(Extracted records)

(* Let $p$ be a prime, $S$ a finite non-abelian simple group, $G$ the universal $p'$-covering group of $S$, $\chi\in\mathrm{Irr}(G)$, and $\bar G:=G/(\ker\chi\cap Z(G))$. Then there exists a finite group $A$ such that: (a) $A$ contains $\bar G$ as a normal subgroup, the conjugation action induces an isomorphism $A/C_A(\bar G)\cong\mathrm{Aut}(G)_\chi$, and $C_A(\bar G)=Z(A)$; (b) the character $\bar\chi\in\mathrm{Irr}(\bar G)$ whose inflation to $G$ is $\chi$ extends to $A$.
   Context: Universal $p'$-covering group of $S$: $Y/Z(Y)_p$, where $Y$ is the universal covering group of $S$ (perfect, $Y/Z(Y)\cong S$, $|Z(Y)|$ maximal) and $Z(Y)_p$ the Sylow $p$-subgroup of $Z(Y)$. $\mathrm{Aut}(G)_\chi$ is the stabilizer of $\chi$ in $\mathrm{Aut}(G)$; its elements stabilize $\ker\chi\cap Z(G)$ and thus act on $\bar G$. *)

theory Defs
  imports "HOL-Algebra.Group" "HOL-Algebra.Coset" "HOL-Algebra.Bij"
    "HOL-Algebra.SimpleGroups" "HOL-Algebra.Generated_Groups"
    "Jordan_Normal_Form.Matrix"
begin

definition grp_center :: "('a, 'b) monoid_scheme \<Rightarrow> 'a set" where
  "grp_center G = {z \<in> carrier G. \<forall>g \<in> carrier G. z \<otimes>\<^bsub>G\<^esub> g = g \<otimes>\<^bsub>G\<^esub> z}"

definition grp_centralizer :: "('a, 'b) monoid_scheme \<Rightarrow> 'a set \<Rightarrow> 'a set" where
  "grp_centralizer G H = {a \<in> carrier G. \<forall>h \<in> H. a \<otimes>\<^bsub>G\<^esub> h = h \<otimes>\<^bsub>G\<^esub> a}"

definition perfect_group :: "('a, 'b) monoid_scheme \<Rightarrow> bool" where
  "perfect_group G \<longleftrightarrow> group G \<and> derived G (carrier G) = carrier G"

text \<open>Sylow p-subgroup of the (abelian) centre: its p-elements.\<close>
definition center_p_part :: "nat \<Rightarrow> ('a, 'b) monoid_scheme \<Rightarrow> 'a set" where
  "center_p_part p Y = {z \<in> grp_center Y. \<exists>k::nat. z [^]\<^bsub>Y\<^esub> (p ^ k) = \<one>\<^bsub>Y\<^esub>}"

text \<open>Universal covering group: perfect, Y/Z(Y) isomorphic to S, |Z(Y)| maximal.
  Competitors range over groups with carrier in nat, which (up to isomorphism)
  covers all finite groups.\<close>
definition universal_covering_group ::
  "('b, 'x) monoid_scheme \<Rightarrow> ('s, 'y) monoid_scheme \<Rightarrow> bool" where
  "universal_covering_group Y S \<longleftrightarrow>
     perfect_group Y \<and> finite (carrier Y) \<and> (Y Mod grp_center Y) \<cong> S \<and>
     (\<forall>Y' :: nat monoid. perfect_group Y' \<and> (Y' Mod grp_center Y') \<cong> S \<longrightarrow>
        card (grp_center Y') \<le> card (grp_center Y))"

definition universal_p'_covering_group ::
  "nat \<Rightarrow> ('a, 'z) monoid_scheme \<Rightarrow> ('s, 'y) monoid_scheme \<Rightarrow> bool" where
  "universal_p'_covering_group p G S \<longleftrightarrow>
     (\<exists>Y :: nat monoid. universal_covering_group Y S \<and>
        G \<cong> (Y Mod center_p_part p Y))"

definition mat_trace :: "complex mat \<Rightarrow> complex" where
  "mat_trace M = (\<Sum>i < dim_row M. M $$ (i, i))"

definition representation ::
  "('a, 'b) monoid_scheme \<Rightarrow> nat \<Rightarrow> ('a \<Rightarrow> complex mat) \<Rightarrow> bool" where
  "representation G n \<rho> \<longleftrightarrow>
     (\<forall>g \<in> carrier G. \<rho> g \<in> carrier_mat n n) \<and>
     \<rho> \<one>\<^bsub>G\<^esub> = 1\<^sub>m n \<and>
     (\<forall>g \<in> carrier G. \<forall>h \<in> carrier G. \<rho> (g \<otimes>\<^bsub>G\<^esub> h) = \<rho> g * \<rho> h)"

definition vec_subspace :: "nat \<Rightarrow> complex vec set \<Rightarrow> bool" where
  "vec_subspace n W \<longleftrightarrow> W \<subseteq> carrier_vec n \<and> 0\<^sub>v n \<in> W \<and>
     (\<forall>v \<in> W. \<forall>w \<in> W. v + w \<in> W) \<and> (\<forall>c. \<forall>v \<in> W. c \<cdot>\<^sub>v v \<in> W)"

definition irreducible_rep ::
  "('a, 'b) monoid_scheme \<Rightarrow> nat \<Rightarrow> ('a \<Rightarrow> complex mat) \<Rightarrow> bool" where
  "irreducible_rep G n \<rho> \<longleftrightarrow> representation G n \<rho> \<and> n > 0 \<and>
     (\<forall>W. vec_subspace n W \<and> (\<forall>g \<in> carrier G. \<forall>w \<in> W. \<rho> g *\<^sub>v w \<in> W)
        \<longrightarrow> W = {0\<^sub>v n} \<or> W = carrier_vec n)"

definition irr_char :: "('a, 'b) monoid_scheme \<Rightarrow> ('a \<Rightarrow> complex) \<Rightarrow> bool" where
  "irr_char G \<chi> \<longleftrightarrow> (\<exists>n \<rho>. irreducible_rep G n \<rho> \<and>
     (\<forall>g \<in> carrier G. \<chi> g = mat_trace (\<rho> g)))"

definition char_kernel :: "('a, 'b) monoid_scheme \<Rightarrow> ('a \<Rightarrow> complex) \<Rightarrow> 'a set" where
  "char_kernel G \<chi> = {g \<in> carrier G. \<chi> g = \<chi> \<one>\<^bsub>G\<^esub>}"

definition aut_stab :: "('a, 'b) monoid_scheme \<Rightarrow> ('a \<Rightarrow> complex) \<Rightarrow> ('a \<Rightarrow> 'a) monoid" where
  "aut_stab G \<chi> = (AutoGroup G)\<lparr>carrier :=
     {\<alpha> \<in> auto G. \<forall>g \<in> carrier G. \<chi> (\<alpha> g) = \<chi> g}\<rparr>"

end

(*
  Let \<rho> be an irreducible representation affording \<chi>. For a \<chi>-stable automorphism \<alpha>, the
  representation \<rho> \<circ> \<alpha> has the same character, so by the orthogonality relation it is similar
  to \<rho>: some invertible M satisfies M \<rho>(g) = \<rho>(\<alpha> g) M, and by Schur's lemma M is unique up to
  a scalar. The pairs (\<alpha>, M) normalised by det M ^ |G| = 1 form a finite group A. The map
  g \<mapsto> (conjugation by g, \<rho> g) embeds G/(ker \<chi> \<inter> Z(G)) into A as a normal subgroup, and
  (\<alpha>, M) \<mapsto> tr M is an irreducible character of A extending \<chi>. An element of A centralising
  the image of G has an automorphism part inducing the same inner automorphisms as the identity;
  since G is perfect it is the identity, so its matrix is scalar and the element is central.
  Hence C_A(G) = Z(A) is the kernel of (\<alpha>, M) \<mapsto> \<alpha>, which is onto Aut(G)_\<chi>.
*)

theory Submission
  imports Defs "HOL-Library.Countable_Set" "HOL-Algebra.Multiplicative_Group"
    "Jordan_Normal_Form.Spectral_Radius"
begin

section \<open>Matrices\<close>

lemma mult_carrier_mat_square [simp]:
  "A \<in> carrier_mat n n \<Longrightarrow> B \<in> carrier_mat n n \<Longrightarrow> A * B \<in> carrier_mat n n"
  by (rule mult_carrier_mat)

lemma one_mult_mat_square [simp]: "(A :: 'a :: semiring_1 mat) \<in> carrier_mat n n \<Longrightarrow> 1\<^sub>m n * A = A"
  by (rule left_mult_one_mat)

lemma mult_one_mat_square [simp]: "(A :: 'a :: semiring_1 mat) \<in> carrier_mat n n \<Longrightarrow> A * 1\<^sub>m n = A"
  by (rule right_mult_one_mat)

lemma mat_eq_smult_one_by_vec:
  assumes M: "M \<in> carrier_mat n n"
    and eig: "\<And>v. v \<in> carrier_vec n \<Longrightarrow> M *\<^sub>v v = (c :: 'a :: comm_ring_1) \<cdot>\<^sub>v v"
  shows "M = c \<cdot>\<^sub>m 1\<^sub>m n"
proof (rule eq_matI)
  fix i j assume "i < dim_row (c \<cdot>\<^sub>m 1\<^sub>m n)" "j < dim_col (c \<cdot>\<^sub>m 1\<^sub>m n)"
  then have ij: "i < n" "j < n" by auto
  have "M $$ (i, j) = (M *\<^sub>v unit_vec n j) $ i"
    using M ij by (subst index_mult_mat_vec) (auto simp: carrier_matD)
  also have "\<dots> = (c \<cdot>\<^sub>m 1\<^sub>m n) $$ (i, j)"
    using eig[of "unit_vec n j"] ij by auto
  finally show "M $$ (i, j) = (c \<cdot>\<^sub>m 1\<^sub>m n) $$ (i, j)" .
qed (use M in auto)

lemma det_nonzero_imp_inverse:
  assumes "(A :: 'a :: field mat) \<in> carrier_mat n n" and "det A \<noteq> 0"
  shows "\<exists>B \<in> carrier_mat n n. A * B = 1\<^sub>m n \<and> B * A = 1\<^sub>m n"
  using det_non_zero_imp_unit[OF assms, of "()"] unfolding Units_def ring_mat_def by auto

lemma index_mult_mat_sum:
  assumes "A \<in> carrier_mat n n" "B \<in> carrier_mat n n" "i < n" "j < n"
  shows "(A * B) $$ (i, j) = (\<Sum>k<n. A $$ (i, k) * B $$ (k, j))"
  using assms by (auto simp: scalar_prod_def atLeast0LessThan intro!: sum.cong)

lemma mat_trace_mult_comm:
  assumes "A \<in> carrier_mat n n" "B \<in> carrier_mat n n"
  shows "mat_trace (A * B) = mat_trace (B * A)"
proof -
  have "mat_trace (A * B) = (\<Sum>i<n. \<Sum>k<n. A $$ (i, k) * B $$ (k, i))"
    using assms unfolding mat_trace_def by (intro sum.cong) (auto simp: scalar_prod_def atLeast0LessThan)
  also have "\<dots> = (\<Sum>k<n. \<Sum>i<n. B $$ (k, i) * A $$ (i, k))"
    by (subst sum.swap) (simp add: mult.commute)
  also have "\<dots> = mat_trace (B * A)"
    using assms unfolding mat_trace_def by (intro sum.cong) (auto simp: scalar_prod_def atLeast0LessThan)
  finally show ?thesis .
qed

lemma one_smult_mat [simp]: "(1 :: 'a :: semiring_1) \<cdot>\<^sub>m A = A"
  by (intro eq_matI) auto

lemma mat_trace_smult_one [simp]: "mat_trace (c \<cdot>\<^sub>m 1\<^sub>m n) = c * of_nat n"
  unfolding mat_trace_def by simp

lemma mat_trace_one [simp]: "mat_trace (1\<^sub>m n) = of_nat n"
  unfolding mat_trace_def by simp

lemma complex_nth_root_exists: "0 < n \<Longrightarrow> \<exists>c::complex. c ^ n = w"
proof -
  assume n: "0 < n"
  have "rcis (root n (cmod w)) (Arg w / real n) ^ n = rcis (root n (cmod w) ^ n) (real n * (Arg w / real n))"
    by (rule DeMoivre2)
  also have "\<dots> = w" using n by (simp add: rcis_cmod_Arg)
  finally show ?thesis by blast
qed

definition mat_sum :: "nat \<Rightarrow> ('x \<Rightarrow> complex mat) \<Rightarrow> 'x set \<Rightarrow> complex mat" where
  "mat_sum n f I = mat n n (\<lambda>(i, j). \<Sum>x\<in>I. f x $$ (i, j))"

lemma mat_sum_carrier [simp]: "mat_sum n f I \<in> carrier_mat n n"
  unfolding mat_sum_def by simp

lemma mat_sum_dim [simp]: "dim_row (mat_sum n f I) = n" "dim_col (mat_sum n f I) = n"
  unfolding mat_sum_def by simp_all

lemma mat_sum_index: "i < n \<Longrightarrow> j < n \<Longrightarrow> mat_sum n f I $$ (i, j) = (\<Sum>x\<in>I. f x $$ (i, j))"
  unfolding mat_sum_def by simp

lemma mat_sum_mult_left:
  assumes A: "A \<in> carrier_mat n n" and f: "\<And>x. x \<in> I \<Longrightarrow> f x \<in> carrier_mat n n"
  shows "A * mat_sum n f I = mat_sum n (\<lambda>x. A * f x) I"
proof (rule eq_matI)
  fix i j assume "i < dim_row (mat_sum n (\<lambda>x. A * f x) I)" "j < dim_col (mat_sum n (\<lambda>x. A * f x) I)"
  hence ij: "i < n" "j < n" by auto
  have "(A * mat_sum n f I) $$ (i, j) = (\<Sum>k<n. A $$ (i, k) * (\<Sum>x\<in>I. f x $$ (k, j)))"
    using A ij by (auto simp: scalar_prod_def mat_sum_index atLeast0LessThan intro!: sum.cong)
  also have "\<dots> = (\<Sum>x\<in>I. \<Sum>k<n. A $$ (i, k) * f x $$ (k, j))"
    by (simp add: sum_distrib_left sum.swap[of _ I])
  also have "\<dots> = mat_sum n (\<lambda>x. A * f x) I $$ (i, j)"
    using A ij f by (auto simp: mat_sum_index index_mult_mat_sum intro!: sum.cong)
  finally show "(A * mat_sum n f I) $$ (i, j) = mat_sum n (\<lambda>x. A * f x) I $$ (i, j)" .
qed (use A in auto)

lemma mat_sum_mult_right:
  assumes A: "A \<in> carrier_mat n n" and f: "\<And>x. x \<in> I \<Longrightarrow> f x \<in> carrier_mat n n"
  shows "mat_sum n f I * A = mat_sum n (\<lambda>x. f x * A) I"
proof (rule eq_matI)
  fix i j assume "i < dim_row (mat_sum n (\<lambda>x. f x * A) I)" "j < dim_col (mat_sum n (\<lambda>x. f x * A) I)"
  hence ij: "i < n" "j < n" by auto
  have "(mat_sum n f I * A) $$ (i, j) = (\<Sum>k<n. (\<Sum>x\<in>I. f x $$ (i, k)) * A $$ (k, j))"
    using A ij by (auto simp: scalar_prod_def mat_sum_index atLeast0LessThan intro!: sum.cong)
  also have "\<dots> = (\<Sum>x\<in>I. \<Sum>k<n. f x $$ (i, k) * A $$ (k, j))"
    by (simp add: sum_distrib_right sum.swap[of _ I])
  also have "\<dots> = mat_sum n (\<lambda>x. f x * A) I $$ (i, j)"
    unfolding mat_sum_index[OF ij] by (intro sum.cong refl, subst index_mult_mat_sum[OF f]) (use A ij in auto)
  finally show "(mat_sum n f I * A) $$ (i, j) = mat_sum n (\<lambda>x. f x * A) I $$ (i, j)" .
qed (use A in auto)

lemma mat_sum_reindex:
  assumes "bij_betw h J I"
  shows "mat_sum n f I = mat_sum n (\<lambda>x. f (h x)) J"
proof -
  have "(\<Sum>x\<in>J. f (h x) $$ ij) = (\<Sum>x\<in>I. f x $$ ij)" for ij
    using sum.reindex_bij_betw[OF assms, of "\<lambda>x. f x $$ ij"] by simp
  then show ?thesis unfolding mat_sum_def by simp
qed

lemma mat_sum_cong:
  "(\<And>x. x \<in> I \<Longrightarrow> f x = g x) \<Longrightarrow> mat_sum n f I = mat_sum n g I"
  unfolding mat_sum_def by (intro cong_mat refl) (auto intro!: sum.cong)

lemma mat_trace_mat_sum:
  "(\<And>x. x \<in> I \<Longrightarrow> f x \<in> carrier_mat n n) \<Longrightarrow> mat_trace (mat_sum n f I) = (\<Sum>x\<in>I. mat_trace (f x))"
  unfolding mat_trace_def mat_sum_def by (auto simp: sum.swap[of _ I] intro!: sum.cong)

* Task description *
In the data above, which lines have "exists"? Report each of them.

* Solved problem *
(* Let $p$ be a prime, $S$ a finite non-abelian simple group, $G$ the universal $p'$-covering group of $S$, $\chi\in\mathrm{Irr}(G)$, and $\bar G:=G/(\ker\chi\cap Z(G))$. Then there exists a finite group $A$ such that: (a) $A$ contains $\bar G$ as a normal subgroup, the conjugation action induces an isomorphism $A/C_A(\bar G)\cong\mathrm{Aut}(G)_\chi$, and $C_A(\bar G)=Z(A)$; (b) the character $\bar\chi\in\mathrm{Irr}(\bar G)$ whose inflation to $G$ is $\chi$ extends to $A$.
  "center_p_part p Y = {z \<in> grp_center Y. \<exists>k::nat. z [^]\<^bsub>Y\<^esub> (p ^ k) = \<one>\<^bsub>Y\<^esub>}"
     (\<exists>Y :: nat monoid. universal_covering_group Y S \<and>
  "irr_char G \<chi> \<longleftrightarrow> (\<exists>n \<rho>. irreducible_rep G n \<rho> \<and>
  shows "\<exists>B \<in> carrier_mat n n. A * B = 1\<^sub>m n \<and> B * A = 1\<^sub>m n"
lemma complex_nth_root_exists: "0 < n \<Longrightarrow> \<exists>c::complex. c ^ n = w"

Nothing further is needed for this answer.